### Data provided:

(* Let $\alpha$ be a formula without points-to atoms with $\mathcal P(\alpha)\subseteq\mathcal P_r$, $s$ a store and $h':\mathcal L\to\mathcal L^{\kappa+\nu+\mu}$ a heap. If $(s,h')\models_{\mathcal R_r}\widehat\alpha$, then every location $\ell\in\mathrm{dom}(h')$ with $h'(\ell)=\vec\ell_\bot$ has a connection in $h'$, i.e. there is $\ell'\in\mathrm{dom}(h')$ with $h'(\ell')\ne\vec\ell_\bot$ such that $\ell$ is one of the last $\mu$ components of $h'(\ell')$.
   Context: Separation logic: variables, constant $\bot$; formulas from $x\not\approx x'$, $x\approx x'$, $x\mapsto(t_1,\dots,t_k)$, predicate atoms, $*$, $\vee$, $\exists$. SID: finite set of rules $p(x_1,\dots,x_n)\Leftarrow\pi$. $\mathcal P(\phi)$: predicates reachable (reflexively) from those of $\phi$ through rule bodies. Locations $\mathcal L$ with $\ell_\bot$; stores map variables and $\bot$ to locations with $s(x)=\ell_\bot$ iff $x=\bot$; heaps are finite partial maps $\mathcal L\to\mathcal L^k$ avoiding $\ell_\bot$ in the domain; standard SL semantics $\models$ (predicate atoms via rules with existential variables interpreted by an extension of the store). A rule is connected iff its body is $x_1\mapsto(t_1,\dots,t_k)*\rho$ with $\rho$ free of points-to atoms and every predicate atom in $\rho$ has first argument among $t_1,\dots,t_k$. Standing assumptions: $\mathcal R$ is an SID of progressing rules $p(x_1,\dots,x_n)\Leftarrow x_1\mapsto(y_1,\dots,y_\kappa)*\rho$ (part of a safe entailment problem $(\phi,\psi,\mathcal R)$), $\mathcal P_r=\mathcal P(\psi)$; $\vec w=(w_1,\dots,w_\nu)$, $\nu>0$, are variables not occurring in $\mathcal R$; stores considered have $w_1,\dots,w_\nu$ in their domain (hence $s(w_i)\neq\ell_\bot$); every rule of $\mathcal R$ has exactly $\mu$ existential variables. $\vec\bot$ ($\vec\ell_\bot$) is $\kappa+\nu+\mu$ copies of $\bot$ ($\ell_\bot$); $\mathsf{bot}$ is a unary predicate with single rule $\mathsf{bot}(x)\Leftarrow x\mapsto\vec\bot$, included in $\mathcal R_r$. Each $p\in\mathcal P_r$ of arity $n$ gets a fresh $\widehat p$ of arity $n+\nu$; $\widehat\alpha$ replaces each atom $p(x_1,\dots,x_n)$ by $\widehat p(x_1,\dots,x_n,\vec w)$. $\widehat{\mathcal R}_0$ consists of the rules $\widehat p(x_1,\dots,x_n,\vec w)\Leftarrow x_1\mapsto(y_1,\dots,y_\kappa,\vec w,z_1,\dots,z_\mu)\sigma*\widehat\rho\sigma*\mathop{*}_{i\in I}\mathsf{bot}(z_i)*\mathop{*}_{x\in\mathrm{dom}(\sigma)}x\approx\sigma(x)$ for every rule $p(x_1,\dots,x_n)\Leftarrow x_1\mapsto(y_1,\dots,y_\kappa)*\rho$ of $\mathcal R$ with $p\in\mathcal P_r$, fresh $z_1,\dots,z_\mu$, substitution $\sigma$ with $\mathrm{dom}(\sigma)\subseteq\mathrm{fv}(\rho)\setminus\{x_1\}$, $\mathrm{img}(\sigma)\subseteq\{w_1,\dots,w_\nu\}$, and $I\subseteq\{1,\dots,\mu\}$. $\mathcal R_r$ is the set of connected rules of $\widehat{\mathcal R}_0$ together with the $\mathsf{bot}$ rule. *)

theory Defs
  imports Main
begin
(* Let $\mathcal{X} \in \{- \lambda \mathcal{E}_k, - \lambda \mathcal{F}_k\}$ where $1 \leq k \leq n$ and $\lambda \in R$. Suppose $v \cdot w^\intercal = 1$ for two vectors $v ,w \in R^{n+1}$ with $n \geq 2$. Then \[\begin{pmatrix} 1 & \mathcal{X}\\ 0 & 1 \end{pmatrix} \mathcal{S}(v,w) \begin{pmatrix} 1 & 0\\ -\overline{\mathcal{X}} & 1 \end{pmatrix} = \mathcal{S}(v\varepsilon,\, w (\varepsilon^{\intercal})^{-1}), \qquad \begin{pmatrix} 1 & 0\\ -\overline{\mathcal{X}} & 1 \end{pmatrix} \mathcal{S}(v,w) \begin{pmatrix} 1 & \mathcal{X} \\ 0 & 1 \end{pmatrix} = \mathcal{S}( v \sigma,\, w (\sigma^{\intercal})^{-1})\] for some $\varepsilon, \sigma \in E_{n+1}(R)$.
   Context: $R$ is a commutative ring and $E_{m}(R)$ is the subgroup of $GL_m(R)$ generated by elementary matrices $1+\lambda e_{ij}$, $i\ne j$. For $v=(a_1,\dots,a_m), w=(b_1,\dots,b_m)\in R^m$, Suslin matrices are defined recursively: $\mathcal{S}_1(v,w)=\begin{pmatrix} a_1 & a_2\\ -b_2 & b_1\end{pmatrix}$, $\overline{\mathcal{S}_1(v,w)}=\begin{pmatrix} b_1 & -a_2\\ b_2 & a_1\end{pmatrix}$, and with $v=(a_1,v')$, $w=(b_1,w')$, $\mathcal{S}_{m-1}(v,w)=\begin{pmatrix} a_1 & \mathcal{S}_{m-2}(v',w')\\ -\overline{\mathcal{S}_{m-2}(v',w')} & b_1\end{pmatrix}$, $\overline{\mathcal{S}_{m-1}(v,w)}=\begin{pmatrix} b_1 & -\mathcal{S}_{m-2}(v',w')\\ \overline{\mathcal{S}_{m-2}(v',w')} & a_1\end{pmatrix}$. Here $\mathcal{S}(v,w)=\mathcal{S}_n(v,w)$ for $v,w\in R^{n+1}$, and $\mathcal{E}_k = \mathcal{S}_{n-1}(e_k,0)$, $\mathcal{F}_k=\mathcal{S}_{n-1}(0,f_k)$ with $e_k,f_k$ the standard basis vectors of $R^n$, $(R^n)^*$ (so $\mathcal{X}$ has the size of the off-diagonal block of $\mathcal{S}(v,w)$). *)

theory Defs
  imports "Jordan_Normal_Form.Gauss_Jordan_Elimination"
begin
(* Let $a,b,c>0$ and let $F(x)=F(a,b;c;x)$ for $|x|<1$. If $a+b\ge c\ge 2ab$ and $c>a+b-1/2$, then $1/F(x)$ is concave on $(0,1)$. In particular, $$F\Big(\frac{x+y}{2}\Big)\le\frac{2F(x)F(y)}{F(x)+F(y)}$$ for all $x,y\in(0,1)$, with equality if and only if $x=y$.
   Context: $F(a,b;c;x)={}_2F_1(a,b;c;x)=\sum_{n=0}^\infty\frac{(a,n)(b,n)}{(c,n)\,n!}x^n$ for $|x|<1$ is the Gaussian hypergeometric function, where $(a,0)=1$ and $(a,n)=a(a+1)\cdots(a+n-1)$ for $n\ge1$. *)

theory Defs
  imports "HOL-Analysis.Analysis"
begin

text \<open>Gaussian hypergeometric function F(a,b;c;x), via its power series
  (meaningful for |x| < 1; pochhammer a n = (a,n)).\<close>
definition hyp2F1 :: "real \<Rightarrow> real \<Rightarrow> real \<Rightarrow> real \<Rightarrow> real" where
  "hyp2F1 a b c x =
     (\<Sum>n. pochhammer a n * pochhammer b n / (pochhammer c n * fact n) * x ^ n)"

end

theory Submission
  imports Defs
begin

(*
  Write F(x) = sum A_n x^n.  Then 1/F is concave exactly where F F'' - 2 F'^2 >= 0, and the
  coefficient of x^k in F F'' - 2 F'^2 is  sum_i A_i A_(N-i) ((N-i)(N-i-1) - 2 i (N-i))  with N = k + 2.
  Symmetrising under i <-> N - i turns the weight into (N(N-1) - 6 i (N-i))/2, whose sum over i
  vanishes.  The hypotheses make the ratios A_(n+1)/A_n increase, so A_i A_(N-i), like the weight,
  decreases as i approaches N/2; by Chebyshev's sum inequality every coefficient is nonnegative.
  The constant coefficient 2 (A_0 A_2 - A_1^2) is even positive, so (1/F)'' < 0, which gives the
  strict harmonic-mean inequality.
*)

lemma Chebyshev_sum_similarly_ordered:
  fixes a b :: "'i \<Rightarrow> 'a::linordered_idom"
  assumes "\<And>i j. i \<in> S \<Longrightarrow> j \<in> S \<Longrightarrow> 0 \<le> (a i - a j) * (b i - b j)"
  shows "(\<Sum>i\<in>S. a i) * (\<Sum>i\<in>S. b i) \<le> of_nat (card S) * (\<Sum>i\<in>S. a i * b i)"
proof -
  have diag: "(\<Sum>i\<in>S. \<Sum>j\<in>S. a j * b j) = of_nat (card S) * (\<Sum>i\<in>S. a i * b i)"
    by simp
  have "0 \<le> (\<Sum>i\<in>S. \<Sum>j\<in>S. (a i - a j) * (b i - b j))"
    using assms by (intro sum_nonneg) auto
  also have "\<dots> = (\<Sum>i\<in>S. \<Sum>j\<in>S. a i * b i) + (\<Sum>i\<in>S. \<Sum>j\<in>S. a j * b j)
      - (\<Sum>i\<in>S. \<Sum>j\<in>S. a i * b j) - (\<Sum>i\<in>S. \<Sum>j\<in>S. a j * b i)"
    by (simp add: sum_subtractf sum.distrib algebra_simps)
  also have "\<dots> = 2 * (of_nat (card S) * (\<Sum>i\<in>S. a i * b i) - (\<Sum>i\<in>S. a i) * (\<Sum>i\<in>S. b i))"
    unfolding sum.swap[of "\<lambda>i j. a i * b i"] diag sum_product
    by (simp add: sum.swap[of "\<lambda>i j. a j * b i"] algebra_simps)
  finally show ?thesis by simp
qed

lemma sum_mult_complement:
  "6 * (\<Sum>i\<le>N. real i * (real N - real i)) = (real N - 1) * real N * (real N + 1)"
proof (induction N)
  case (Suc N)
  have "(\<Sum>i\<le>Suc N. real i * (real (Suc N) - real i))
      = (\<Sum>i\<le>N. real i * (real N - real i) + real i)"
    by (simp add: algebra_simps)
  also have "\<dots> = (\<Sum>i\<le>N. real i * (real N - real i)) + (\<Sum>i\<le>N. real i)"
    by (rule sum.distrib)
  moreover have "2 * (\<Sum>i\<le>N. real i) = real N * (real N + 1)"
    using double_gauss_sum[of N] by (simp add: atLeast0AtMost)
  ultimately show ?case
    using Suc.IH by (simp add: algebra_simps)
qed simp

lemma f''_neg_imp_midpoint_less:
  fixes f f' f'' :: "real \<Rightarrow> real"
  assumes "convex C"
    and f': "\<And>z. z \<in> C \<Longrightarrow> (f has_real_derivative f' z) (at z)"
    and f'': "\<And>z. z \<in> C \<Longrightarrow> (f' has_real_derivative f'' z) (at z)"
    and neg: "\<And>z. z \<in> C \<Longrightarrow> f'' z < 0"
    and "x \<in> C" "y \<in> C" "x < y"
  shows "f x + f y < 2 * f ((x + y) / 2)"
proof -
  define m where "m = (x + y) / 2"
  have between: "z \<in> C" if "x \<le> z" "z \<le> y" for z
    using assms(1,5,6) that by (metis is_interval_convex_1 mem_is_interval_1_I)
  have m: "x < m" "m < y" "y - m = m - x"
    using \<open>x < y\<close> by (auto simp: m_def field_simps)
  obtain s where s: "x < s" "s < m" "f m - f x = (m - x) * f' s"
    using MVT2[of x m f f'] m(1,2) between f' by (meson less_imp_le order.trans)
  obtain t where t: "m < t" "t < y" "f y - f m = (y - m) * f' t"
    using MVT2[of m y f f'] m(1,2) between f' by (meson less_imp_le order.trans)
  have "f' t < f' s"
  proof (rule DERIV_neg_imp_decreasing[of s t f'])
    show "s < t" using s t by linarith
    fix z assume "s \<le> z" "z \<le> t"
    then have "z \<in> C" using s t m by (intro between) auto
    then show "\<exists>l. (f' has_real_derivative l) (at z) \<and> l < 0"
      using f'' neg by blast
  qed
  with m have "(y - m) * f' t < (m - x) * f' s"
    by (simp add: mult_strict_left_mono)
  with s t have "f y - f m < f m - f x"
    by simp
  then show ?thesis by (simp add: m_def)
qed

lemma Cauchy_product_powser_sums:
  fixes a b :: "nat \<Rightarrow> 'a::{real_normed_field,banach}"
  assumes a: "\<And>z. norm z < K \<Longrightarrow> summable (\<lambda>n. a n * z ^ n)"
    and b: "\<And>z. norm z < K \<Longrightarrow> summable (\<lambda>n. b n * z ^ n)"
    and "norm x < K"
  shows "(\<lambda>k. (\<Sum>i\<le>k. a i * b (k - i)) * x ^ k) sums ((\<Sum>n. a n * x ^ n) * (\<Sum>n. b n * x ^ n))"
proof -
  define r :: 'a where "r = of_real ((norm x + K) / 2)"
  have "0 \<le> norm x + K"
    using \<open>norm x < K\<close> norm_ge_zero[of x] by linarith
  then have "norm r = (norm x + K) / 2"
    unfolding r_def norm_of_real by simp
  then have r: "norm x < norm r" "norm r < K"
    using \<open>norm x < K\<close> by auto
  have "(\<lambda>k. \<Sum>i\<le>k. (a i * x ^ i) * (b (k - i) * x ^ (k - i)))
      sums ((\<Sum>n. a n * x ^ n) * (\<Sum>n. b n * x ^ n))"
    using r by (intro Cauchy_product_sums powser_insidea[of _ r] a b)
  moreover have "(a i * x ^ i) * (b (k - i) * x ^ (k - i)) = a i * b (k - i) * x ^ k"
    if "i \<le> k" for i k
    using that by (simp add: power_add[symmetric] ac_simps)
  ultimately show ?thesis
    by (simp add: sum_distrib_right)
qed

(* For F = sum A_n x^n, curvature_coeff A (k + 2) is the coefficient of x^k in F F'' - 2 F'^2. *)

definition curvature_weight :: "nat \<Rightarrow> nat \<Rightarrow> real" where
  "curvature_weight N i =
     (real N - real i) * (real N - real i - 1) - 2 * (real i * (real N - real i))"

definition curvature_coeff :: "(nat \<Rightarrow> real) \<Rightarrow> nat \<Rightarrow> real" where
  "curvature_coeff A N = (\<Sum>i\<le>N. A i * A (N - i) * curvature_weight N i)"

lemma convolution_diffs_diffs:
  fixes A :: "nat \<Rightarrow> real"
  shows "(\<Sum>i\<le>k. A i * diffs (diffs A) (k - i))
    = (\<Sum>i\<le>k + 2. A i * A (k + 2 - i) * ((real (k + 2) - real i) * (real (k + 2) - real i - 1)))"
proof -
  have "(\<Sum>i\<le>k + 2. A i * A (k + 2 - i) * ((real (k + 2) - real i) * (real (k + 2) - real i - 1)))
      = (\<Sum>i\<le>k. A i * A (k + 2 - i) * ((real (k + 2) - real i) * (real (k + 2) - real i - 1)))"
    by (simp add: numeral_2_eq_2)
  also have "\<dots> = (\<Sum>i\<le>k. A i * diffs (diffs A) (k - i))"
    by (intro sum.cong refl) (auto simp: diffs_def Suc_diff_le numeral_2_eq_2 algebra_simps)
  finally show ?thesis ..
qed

### Task objective:
Your answer should consist of the lines from the material that contain "assms".

### Final answer:
    using assms by (intro sum_nonneg) auto
    using assms(1,5,6) that by (metis is_interval_convex_1 mem_is_interval_1_I)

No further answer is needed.